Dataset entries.
________________

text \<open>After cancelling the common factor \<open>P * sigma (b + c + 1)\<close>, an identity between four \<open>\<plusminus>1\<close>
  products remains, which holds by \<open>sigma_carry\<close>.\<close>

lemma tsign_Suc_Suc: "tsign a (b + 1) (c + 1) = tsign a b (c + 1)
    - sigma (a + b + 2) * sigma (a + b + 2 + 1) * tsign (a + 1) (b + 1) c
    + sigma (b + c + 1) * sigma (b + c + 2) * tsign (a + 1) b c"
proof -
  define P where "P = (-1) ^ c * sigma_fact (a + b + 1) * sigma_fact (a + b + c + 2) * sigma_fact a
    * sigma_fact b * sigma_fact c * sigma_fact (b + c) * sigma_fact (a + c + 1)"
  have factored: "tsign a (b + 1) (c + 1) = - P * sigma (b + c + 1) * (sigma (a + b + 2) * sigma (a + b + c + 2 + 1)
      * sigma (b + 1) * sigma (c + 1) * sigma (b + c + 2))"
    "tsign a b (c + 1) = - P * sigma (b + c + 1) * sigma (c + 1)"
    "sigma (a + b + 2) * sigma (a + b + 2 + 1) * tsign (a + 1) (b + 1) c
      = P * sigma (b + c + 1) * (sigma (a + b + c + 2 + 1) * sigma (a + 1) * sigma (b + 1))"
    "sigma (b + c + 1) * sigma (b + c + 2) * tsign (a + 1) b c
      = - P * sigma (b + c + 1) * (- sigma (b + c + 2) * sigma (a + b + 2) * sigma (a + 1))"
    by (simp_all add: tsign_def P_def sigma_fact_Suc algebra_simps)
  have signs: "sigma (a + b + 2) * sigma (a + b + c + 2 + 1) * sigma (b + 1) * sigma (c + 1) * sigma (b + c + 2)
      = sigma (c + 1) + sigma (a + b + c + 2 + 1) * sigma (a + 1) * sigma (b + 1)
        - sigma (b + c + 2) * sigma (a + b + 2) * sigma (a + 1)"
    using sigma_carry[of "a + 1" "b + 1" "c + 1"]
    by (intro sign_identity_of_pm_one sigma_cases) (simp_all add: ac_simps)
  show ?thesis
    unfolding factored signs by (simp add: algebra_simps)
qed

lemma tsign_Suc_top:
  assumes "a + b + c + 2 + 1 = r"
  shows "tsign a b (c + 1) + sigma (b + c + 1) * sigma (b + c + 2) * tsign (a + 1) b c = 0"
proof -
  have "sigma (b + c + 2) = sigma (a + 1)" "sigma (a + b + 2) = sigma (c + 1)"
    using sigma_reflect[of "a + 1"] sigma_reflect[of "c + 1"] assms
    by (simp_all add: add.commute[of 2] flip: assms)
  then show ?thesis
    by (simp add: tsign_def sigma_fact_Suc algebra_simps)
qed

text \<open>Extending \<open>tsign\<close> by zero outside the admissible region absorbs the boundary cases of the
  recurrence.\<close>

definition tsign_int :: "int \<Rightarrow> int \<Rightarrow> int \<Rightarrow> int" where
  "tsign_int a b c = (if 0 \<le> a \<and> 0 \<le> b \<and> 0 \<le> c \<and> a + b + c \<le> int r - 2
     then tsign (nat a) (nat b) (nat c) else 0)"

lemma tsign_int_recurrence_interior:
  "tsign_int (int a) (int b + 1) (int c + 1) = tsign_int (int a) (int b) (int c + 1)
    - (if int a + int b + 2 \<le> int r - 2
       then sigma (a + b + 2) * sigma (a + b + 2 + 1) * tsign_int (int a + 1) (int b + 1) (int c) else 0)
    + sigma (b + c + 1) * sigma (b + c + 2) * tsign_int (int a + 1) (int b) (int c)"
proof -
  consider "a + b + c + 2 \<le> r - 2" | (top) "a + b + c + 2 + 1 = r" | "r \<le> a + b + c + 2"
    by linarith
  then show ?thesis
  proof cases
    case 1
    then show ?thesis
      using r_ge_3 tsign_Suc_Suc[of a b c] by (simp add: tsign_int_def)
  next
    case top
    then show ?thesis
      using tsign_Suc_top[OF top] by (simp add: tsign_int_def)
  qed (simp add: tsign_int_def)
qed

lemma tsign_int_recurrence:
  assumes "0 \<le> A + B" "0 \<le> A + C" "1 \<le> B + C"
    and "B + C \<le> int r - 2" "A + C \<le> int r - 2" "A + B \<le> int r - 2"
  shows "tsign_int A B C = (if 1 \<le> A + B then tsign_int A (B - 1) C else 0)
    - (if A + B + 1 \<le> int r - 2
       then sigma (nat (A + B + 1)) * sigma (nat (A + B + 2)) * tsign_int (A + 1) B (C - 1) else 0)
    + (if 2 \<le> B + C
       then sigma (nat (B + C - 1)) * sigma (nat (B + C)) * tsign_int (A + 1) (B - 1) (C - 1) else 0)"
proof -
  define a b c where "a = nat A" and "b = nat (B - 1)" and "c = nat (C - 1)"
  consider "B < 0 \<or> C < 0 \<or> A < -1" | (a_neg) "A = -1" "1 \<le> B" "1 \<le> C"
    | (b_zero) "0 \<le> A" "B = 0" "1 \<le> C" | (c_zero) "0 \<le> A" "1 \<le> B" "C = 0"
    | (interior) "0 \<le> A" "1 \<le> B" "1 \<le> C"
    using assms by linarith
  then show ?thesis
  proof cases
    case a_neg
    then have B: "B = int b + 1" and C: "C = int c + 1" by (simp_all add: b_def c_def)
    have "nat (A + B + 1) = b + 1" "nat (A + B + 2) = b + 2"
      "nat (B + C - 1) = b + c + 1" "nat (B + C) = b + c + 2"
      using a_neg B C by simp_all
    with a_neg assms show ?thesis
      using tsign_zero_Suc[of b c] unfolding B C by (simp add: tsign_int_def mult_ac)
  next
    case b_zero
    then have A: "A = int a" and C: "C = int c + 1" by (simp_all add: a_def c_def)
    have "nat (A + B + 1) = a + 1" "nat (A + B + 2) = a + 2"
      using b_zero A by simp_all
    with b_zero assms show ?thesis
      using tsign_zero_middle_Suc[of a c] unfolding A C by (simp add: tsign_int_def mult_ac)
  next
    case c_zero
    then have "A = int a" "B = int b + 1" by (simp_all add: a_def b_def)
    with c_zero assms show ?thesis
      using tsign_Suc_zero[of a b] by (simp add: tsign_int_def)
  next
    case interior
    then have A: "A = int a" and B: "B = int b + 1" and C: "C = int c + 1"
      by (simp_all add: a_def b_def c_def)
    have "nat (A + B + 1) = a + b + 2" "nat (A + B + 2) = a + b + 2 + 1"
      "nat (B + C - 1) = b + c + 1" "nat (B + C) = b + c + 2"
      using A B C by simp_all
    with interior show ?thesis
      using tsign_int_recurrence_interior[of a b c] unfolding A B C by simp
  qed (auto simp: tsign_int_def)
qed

________________

Task details.
Starting at the line that contains "by (intro sign_identity_of_pm_one" and stopping after the line that contains "recurrence.\<close>", write out every line exactly as it appears above, and no other line.

Answer for this exercise.
    by (intro sign_identity_of_pm_one sigma_cases) (simp_all add: ac_simps)
  show ?thesis
    unfolding factored signs by (simp add: algebra_simps)
qed

lemma tsign_Suc_top:
  assumes "a + b + c + 2 + 1 = r"
  shows "tsign a b (c + 1) + sigma (b + c + 1) * sigma (b + c + 2) * tsign (a + 1) b c = 0"
proof -
  have "sigma (b + c + 2) = sigma (a + 1)" "sigma (a + b + 2) = sigma (c + 1)"
    using sigma_reflect[of "a + 1"] sigma_reflect[of "c + 1"] assms
    by (simp_all add: add.commute[of 2] flip: assms)
  then show ?thesis
    by (simp add: tsign_def sigma_fact_Suc algebra_simps)
qed

text \<open>Extending \<open>tsign\<close> by zero outside the admissible region absorbs the boundary cases of the
  recurrence.\<close>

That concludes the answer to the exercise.